Required action:
Across the whole listing, how many lines hold the word "auto"? Reply with the number by itself.
_____
text \<open>R_k(|x|,|y|,<x,y>): coefficient of (N choose k) s^k in G_R, with
  N00 = N-u-v+w, N10 = u-w, N01 = v-w, N11 = w.\<close>
definition Rcoef :: "nat \<Rightarrow> real \<Rightarrow> real \<Rightarrow> nat \<Rightarrow> nat \<Rightarrow> nat \<Rightarrow> nat \<Rightarrow> real" where
  "Rcoef N phi gam k u v w =
     coeff ([:1, 1:] ^ (N + w - u - v)
          * [:1, -((1 - gam) / gam):] ^ (u - w)
          * [:1, -((1 - phi) / phi):] ^ (v - w)
          * [:1, (1 - phi) * (1 - gam) / (phi * gam):] ^ w) k / real (N choose k)"

definition exchangeable_pmf :: "nat \<Rightarrow> (nat \<Rightarrow> nat) pmf \<Rightarrow> bool" where
  "exchangeable_pmf N Z \<longleftrightarrow>
     (\<forall>\<sigma>. \<sigma> permutes {1..N} \<longrightarrow> map_pmf (\<lambda>z. z \<circ> \<sigma>) Z = Z)"

definition kappaA :: "real \<Rightarrow> (nat \<Rightarrow> nat) pmf \<Rightarrow> nat set \<Rightarrow> real" where
  "kappaA \<alpha> Z A = (\<alpha> / (1 - \<alpha>)) ^ card A *
     measure_pmf.expectation Z (\<lambda>z. \<Prod>k\<in>A. (1 - real (z k) / \<alpha>))"

definition kappat :: "nat \<Rightarrow> real \<Rightarrow> (nat \<Rightarrow> nat) pmf \<Rightarrow> nat \<Rightarrow> real" where
  "kappat N \<alpha> Z k = (\<alpha> / (1 - \<alpha>)) ^ k *
     measure_pmf.expectation Z (\<lambda>z. krawtchouk k (onesv N z) N \<alpha>)"

end

theory Submission
  imports Defs
begin

text \<open>Since Z is exchangeable, E of the product of the 1 - Z[k]/\<alpha> over A depends only on
  n = |A|, hence equals its average over all n-subsets of [N]: the expectation of the n-th
  elementary symmetric polynomial e_n of the 1 - Z[k]/\<alpha>, divided by (N choose n). Now e_n(c)
  is the coefficient of s^n in the product of the 1 + c_k s, and 1 - Z[k]/\<alpha> is
  -(1 - \<alpha>)/\<alpha> at the ones of Z and 1 at its zeros, so that product is the Krawtchouk
  generating function. Likewise, grouping the subsets A in p by their size produces e_n of
  c_k = (1 - y[k]/\<phi>)(1 - x[k]/\<gamma>); as c_k depends only on (x[k], y[k]), the product of the
  1 + c_k s is G_R.\<close>

lemma prod_monom:
  fixes c :: "'i \<Rightarrow> 'a::comm_semiring_1"
  assumes "finite B"
  shows "(\<Prod>k\<in>B. monom (c k) (d k)) = monom (\<Prod>k\<in>B. c k) (\<Sum>k\<in>B. d k)"
  using assms by (induction B rule: finite_induct) (auto simp: mult_monom)
lemma nearest_elements_around:
  fixes S :: "nat set"
  assumes "0 \<in> S" "L \<in> S" "c \<notin> S" "c \<le> L"
  obtains i j where "i < c" "c < j" "j \<le> L" "i \<in> S" "j \<in> S" "\<forall>p. i < p \<and> p < j \<longrightarrow> p \<notin> S"
proof -
  let ?below = "{p \<in> S. p < c}" and ?above = "{p \<in> S. c < p \<and> p \<le> L}"
  have "0 < c" "c < L"
    using assms by (auto intro: le_neq_implies_less)
  then have "0 \<in> ?below" "L \<in> ?above" "finite ?below" "finite ?above"
    using assms(1,2) by auto
  then have i: "Max ?below \<in> ?below" and j: "Min ?above \<in> ?above"
    using Max_in[of ?below] Min_in[of ?above] by blast+
  have gap: "p \<notin> S" if "Max ?below < p" "p < Min ?above" for p
  proof
    assume "p \<in> S"
    show False
    proof (cases "p < c")
      case True
      then have "p \<le> Max ?below"
        using \<open>p \<in> S\<close> by (intro Max_ge[OF \<open>finite ?below\<close>]) simp
      then show False
        using that(1) by simp
    next
      case False
      moreover have "p \<noteq> c" "p \<le> L"
        using assms(3) \<open>p \<in> S\<close> that(2) j by auto
      ultimately have "Min ?above \<le> p"
        using \<open>p \<in> S\<close> by (intro Min_le[OF \<open>finite ?above\<close>]) simp
      then show False
        using that(2) by simp
    qed
  qed
  show ?thesis
  proof (rule that[of "Max ?below" "Min ?above"])
    show "\<forall>p. Max ?below < p \<and> p < Min ?above \<longrightarrow> p \<notin> S"
      using gap by blast
  qed (use i j in simp_all)
qed

context connected_simple_graph
begin

lemma splice_gdist:
  assumes P: "isometric_path V adj P" and W: "isometric_path V adj W"
    and IJ: "I < J" "J < length P"
    and ends: "length W = Suc (J - I)" "hd W = P ! I" "last W = P ! J"
    and pq: "p \<le> q" "q < length P"
  defines "P' \<equiv> take (Suc I) P @ butlast (tl W) @ drop J P"
  shows "d (P' ! p) (P' ! q) = q - p"
proof -
  note nth = splice_nth[OF IJ ends, folded P'_def]
  have "W \<noteq> []"
    using ends(1) by auto
  then have W_ends: "W ! 0 = P ! I" "W ! (J - I) = P ! J"
    using ends by (simp_all add: hd_conv_nth last_conv_nth)
  have dP: "d (P ! p) (P ! q) = q - p" if "p \<le> q" "q < length P" for p q
    using isometric_path_gdist[OF P that] .
  have dW: "d (W ! (p - I)) (W ! (q - I)) = q - p" if "I \<le> p" "p \<le> q" "q \<le> J" for p q
    using isometric_path_gdist[OF W, of "p - I" "q - I"] that ends(1) by simp
  have WV: "W ! (i - I) \<in> V" if "i \<le> J" for i
    using isometric_path_in_V[OF W] that ends(1) by simp
  have PV: "P ! i \<in> V" if "i < length P" for i
    using isometric_path_in_V[OF P] that .
  consider "p \<le> I \<or> J \<le> p" "q \<le> I \<or> J \<le> q" | "I \<le> p" "q \<le> J"
    | "p < I" "I < q" "q < J" | "I < p" "p < J" "J < q"
    using pq by linarith
  then show ?thesis
  proof cases
    case 1
    then show ?thesis
      using nth dP pq by simp
  next
    case 2
    then show ?thesis
      using nth(3) dW pq(1) by simp
  next
    case 3
    have "d (P ! p) (W ! (q - I)) = q - p"
      using dP[of p I] dP[of p J] dW[of I q] dW[of q J] W_ends 3 IJ
      by (intro gdist_squeeze[where a = "P ! I" and b = "P ! J"]) (simp_all add: PV WV)
    then show ?thesis
      using nth 3 pq by simp
  next
    case 4
    have "d (P ! q) (W ! (p - I)) = q - p"
      using dP[of J q] dP[of I q] dW[of p J] dW[of I p] W_ends 4 pq gdist_sym
      by (intro gdist_squeeze[where a = "P ! J" and b = "P ! I"]) (simp_all add: PV WV)
    then show ?thesis
      using nth 4 pq gdist_sym by simp
  qed
qed
(* Let $G=(V,E)$ be a connected undirected unweighted graph in which every node has a self-loop, let $S\subseteq V$, and let $X\subseteq V$ be a configuration with $X\cap S\neq\emptyset$. Then $\operatorname{fp}^{\infty}(G^S,X)=1$.
   Context: Positional Voter model. A graph $G=(V,E,w)$ has node set $V$ with $|V|=n$, edge set $E\subseteq V\times V$ and weights $w\colon E\to\mathbb{R}_{>0}$; $\operatorname{in}(u)=\{v\in V:(v,u)\in E\}$. "Undirected unweighted" means $E$ is symmetric and $w\equiv 1$; "self-loop at $u$" means $(u,u)\in E$. A configuration is a set $X\subseteq V$ (the nodes carrying the novel trait $A$). Given a biased set $S\subseteq V$ and bias $\delta\ge 0$, define $f^S_X(v\mid u)=1+\delta$ if $v\in X$ and $u\in S$, and $1$ otherwise. The process $(\mathcal{X}_t)_{t\ge0}$: given $\mathcal{X}_t=X$, a node $u$ is chosen uniformly at random from $V$, then $v\in\operatorname{in}(u)$ is chosen with probability $\frac{f^S_X(v\mid u)\,w(v,u)}{\sum_{x\in\operatorname{in}(u)} f^S_X(x\mid u)\,w(x,u)}$, and $\mathcal{X}_{t+1}=X\cup\{u\}$ if $v\in X$, $\mathcal{X}_{t+1}=X\setminus\{u\}$ otherwise. Define $\operatorname{fp}(G^S,\delta,X)=\mathbb{P}[\exists t\ge0:\mathcal{X}_t=V\mid\mathcal{X}_0=X]$ and $\operatorname{fp}^{\infty}(G^S,X)=\lim_{\delta\to\infty}\operatorname{fp}(G^S,\delta,X)$. *)

theory Defs
  imports Complex_Main
begin

text \<open>Positional Voter model on a graph G = (V, E, w) with node set V,
edge set E (pairs (v,u) meaning an edge from v to u) and weights w.\<close>

definition in_nbrs :: "'a set \<Rightarrow> ('a \<times> 'a) set \<Rightarrow> 'a \<Rightarrow> 'a set" where
  "in_nbrs V E u = {v \<in> V. (v, u) \<in> E}"

definition fit :: "'a set \<Rightarrow> real \<Rightarrow> 'a set \<Rightarrow> 'a \<Rightarrow> 'a \<Rightarrow> real" where
  "fit S \<delta> X v u = (if v \<in> X \<and> u \<in> S then 1 + \<delta> else 1)"

definition choose_prob ::
  "'a set \<Rightarrow> ('a \<times> 'a) set \<Rightarrow> ('a \<times> 'a \<Rightarrow> real) \<Rightarrow> 'a set \<Rightarrow> real \<Rightarrow> 'a set \<Rightarrow> 'a \<Rightarrow> 'a \<Rightarrow> real" where
  "choose_prob V E w S \<delta> X u v =
     fit S \<delta> X v u * w (v, u) / (\<Sum>x\<in>in_nbrs V E u. fit S \<delta> X x u * w (x, u))"

definition upd_conf :: "'a set \<Rightarrow> 'a \<Rightarrow> 'a \<Rightarrow> 'a set" where
  "upd_conf X u v = (if v \<in> X then insert u X else X - {u})"

text \<open>hit_within V E w S \<delta> t X = P[\<exists>s \<le> t. X_s = V | X_0 = X].\<close>
fun hit_within ::
  "'a set \<Rightarrow> ('a \<times> 'a) set \<Rightarrow> ('a \<times> 'a \<Rightarrow> real) \<Rightarrow> 'a set \<Rightarrow> real \<Rightarrow> nat \<Rightarrow> 'a set \<Rightarrow> real" where
  "hit_within V E w S \<delta> 0 X = (if X = V then 1 else 0)"
| "hit_within V E w S \<delta> (Suc t) X =
     (if X = V then 1 else
        (\<Sum>u\<in>V. (1 / real (card V)) *
           (\<Sum>v\<in>in_nbrs V E u. choose_prob V E w S \<delta> X u v *
               hit_within V E w S \<delta> t (upd_conf X u v))))"

text \<open>Fixation probability fp(G^S, \<delta>, X) = P[\<exists>t. X_t = V | X_0 = X]
  = lim_{t\<rightarrow>\<infinity>} P[\<exists>s \<le> t. X_s = V].\<close>
definition fp ::
  "'a set \<Rightarrow> ('a \<times> 'a) set \<Rightarrow> ('a \<times> 'a \<Rightarrow> real) \<Rightarrow> 'a set \<Rightarrow> real \<Rightarrow> 'a set \<Rightarrow> real" where
  "fp V E w S \<delta> X = lim (\<lambda>t. hit_within V E w S \<delta> t X)"

definition connected_graph :: "'a set \<Rightarrow> ('a \<times> 'a) set \<Rightarrow> bool" where
  "connected_graph V E = (\<forall>u\<in>V. \<forall>v\<in>V. (u, v) \<in> E\<^sup>*)"

end

theory Submission imports Defs begin

text \<open>The fixation probability is harmonic for the one-step averaging operator of the
  process, so by the maximum principle it dominates every strictly subharmonic function.
  On configurations meeting \<open>S\<close> we use the barrier \<open>\<phi>(|X|)\<close> with
  \<open>\<phi> k = 1 - \<epsilon> (B\<^sup>n - B\<^sup>k)\<close>, where \<open>\<epsilon> = n / (1 + \<delta>)\<close>: connectivity gives a gain
  of a node with probability at least \<open>1 / n\<^sup>2\<close>, while the self-loop of a biased
  mutant keeps the probability of losing the last biased mutant below \<open>\<epsilon>\<close>. Hence the
  fixation probability is at least \<open>1 - \<epsilon> B\<^sup>n\<close>, which tends to \<open>1\<close> as \<open>\<delta> \<rightarrow> \<infinity>\<close>.\<close>

lemma rtrancl_leaves_set:
  assumes "(x, y) \<in> r\<^sup>*" and "x \<in> A" and "y \<notin> A"
  shows "\<exists>a b. (a, b) \<in> r \<and> a \<in> A \<and> b \<notin> A"
  using assms by (induction rule: rtrancl_induct) blast+

locale positional_voter =
  fixes V :: "'a set" and E :: "('a \<times> 'a) set" and w :: "'a \<times> 'a \<Rightarrow> real"
    and S :: "'a set" and \<delta> :: real
  assumes finite_V: "finite V" and V_nonempty: "V \<noteq> {}"
    and self_loops: "\<And>u. u \<in> V \<Longrightarrow> (u, u) \<in> E"
    and weights_pos: "\<And>e. e \<in> E \<Longrightarrow> 0 < w e"
    and bias_nonneg: "0 \<le> \<delta>"
begin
_____
Task answer:
5